In March, our family moved to New York State - 19 miles outside of New York City.  Talk about life between the bridges!  Now, we have the George Washington, the Brooklyn, need I say more?  There are bridges everywhere.  In the new life of the Christian family there are more bridges than ever.  The closest one being the Tappan Zee, which will soon undergo a complete restoration.

So, out of necessity, and since I can no longer remember the password for Life Between the Bridges, I decided that Between the Bridges 2 should be born.  Don't be misled.  The title of this blog does not refer to the fact that yet another blog has bit the dust.  As a matter of fact, I would have happily gone on claiming Life Between the Bridges, as it couldn't be more of an apt title than it would certainly be today.  Nope.  Just because I can't remember that old password doesn't mean a thing, except that the 3 blogs I already created might die a painful death . . .

The title of this particular entry refers instead to the loss of yet another friend to the Ministry of the Gospel.  He was a pastor, and I am pretty sure he was a good one.  However, add him to the list of living casualties that yet another church has caused to leave the ministry.  Let's face it.  There just aren't enough of us to pastor every church out there.  If there were, things might be different.

You should know, pastoring a church is one of the hardest things anyone can do.  Sure, you don't have to go fight a war against Afghanistan.  You don't have to wait in an ER for some terribly injured person to come in to repair.  Nope, the people you wait for don't necessarily have visible injuries at all.  You know they have injuries at all because they are busy injuring you.  As I have always been fond of saying, "hurting people hurt people".  Not just a saying for Psychologists or well-meaning mothers anymore.

Since we graduated Seminary, we have watched many qualified, carefully trained men drop by the wayside on the road of ministry.  They are still out there somewhere.  Some sell real estate.  Some work in various forms of counseling of teenagers or other hurting people.  Some have no idea where their next meal will come from.

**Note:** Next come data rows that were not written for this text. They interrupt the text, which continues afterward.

(* Let $G$ be a graph with filtration function $f$. Then $(f,f)$-FB persistence has the same expressive power as forward persistence for $f$ (each set of diagrams determines the other). Moreover, with $n$ filtration steps, the $(f,f)$-FB persistence diagrams can be computed as follows: (1) an $H_1$-class (cycle) born at stage $t=i$ of the filtration dies at stage $t=n+i$; (2) the $H_1$-classes born during the contraction stages are exactly the following: for each connected component that appears at filtration stage $i$ and is later merged into a pre-existing (older) component in the filtration stages, first at stage $j>i$, there is one $H_1$-class born at stage $n+i$ and dying at stage $n+j$; (3) the $H_0$ pairs (component death times) are recorded as usual by keeping one vertex representative per component, killing the younger representative when two components merge during filtration, and killing a representative when its component is merged into the contracted point during contraction.
   Context: Graphs are finite, undirected, possibly with self-loops and multi-edges. A filtration function is $f:V\cup E\to\mathbb{R}$ with $f(v),f(w)\le f(e)$ for every edge $e=(v,w)$. Let $a_1<\dots<a_n$ be its distinct values, $G_0=\emptyset$, $G_t=f^{-1}((-\infty,a_t])$ for $1\le t\le n$, and let the intermediate complex $\mathrm{IC}_t$ be the subgraph consisting of the vertices and edges of $G_t\setminus G_{t-1}$ together with endpoints of those edges. The $(f,f)$-FB sequence is $G_1\subset\dots\subset G_n=G\to W_1\to\dots\to W_n=\text{point}$, where $W_1=G/\mathrm{IC}_1$ and $W_i=W_{i-1}/( *\cup\mathrm{IC}_i)$, $*$ being the point to which previously contracted pieces were collapsed; stage $t$ ($1\le t\le n$) is $G_t$ and stage $n+i$ is $W_i$. Persistence diagrams: intervals (birth stage, death stage) of the interval decomposition of $H_k(-;\mathbb{Z}/2)$ applied to the sequence. Forward persistence for $f$: diagrams of $G_1\subset\dots\subset G_n$. *)

theory Defs
  imports Complex_Main "HOL-Library.Z2" "HOL-Library.Function_Algebras"
begin

text \<open>A graph: finite vertex set, finite edge set (edges have identities, so multi-edges
  are allowed), an endpoint map (an edge with equal endpoints is a self-loop), together with
  the filtration function f on vertices (fv) and edges (fe).\<close>

record ('v, 'e) fgraph =
  verts :: "'v set"
  edges :: "'e set"
  ends  :: "'e \<Rightarrow> 'v \<times> 'v"
  fv    :: "'v \<Rightarrow> real"
  fe    :: "'e \<Rightarrow> real"

definition filtered_graph :: "('v, 'e) fgraph \<Rightarrow> bool" where
  "filtered_graph G \<longleftrightarrow> finite (verts G) \<and> finite (edges G) \<and>
     (\<forall>e\<in>edges G. fst (ends G e) \<in> verts G \<and> snd (ends G e) \<in> verts G \<and>
        fv G (fst (ends G e)) \<le> fe G e \<and> fv G (snd (ends G e)) \<le> fe G e)"

definition fvals :: "('v, 'e) fgraph \<Rightarrow> real set" where
  "fvals G = fv G ` verts G \<union> fe G ` edges G"

definition nsteps :: "('v, 'e) fgraph \<Rightarrow> nat" where
  "nsteps G = card (fvals G)"

definition aval :: "('v, 'e) fgraph \<Rightarrow> nat \<Rightarrow> real" where
  "aval G t = sorted_list_of_set (fvals G) ! (t - 1)"

definition subV :: "('v, 'e) fgraph \<Rightarrow> nat \<Rightarrow> 'v set" where
  "subV G t = (if t = 0 then {} else {v \<in> verts G. fv G v \<le> aval G t})"

definition subE :: "('v, 'e) fgraph \<Rightarrow> nat \<Rightarrow> 'e set" where
  "subE G t = (if t = 0 then {} else {e \<in> edges G. fe G e \<le> aval G t})"

definition icE :: "('v, 'e) fgraph \<Rightarrow> nat \<Rightarrow> 'e set" where
  "icE G t = subE G t - subE G (t - 1)"

definition icV :: "('v, 'e) fgraph \<Rightarrow> nat \<Rightarrow> 'v set" where
  "icV G t = (subV G t - subV G (t - 1)) \<union> fst ` ends G ` icE G t \<union> snd ` ends G ` icE G t"

text \<open>Stage s (1 \<le> s \<le> 2n): for s \<le> n it is G_s; for s = n + i it is
  W_i = G with IC_1 \<union> ... \<union> IC_i successively contracted to the point None.
  Vertices of a stage live in 'v option (None is the contracted point *).\<close>

definition plev :: "('v, 'e) fgraph \<Rightarrow> nat \<Rightarrow> nat" where
  "plev G s = min s (nsteps G)"

definition colV :: "('v, 'e) fgraph \<Rightarrow> nat \<Rightarrow> 'v set" where
  "colV G s = (\<Union>t\<in>{1..s - nsteps G}. icV G t)"

definition colE :: "('v, 'e) fgraph \<Rightarrow> nat \<Rightarrow> 'e set" where
  "colE G s = (\<Union>t\<in>{1..s - nsteps G}. icE G t)"

definition pt :: "'v set \<Rightarrow> 'v \<Rightarrow> 'v option" where
  "pt K v = (if v \<in> K then None else Some v)"

definition cellsV :: "('v, 'e) fgraph \<Rightarrow> nat \<Rightarrow> 'v option set" where
  "cellsV G s = pt (colV G s) ` subV G (plev G s)"

definition cellsE :: "('v, 'e) fgraph \<Rightarrow> nat \<Rightarrow> 'e set" where
  "cellsE G s = subE G (plev G s) - colE G s"

definition C0 :: "('v, 'e) fgraph \<Rightarrow> nat \<Rightarrow> ('v option \<Rightarrow> bit) set" where
  "C0 G s = {c. \<forall>x. x \<notin> cellsV G s \<longrightarrow> c x = 0}"

definition C1 :: "('v, 'e) fgraph \<Rightarrow> nat \<Rightarrow> ('e \<Rightarrow> bit) set" where
  "C1 G s = {c. \<forall>e. e \<notin> cellsE G s \<longrightarrow> c e = 0}"

definition bd :: "('v, 'e) fgraph \<Rightarrow> nat \<Rightarrow> ('e \<Rightarrow> bit) \<Rightarrow> ('v option \<Rightarrow> bit)" where
  "bd G s c = (\<lambda>x. \<Sum>e\<in>cellsE G s. c e *
      (of_bool (pt (colV G s) (fst (ends G e)) = x) + of_bool (pt (colV G s) (snd (ends G e)) = x)))"

definition Z1 :: "('v, 'e) fgraph \<Rightarrow> nat \<Rightarrow> ('e \<Rightarrow> bit) set" where
  "Z1 G s = {c \<in> C1 G s. bd G s c = 0}"

definition B0 :: "('v, 'e) fgraph \<Rightarrow> nat \<Rightarrow> ('v option \<Rightarrow> bit) set" where
  "B0 G s = bd G s ` C1 G s"

text \<open>The chain maps induced by the map from stage s to stage s+1
  (inclusion G_s \<subseteq> G_(s+1), resp. the quotient map collapsing onto the point).\<close>

definition vmap :: "'v set \<Rightarrow> 'v option \<Rightarrow> 'v option" where
  "vmap K x = (case x of None \<Rightarrow> None | Some v \<Rightarrow> pt K v)"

This particular friend is moving on faith alone to an area where he hopes to support his family without putting them in a glass house where the whole congregation looks in and tries to tell them how to live life.  What will he do?  Not sure.  His wife will clean houses and businesses while they try to make the rent and feed the family and still pay for a house in a state where they will never live again from 2 churches ago.

So what's the purpose of all this?  Here it is:  You have the opportunity to make a difference in the life of your pastor.  Chances are you will never know just how discouraging his job is until he surprises you one Sunday from the pulpit with his completely unexpected resignation.  I have heard horror stories of pastors in line at the funeral of their child when along comes the deacon board to fire them.  In the middle of their child's funeral!  Is gaining power in a church really that important to people, that they would stand in that line of horror and grief to fire the man that they and God called to that post?  Because, as far as I can see, there's more power tripping going on in God's house than the federal government sometimes.  Sorry if that offends you, but if it does, examine your heart and make sure you aren't one of "those guys".

Encourage the man that God has called to lead your congregation.  Trust his judgment unless you can see that it goes directly against God's Word (not just your opinion or desires), and then handle the situation with grace and care.  After all, you have never lived your life perfectly in line with Scripture at all times, right?  If you did, you wouldn't need grace, which, by the way, you do.  Uphold his family - no matter how they dress, what they do with their hair, how much makeup they wear, or how overweight you determine that they are.  It is a hard job, with lots of stress and much prayerful hard work.  This work is hard on the family, who sits at home wondering when their husband/father will return and spend time with them, who really should come first anyway.  Love on that man until it hurts.  Give him the support he needs, and his family, too.  You may never know how much it really means.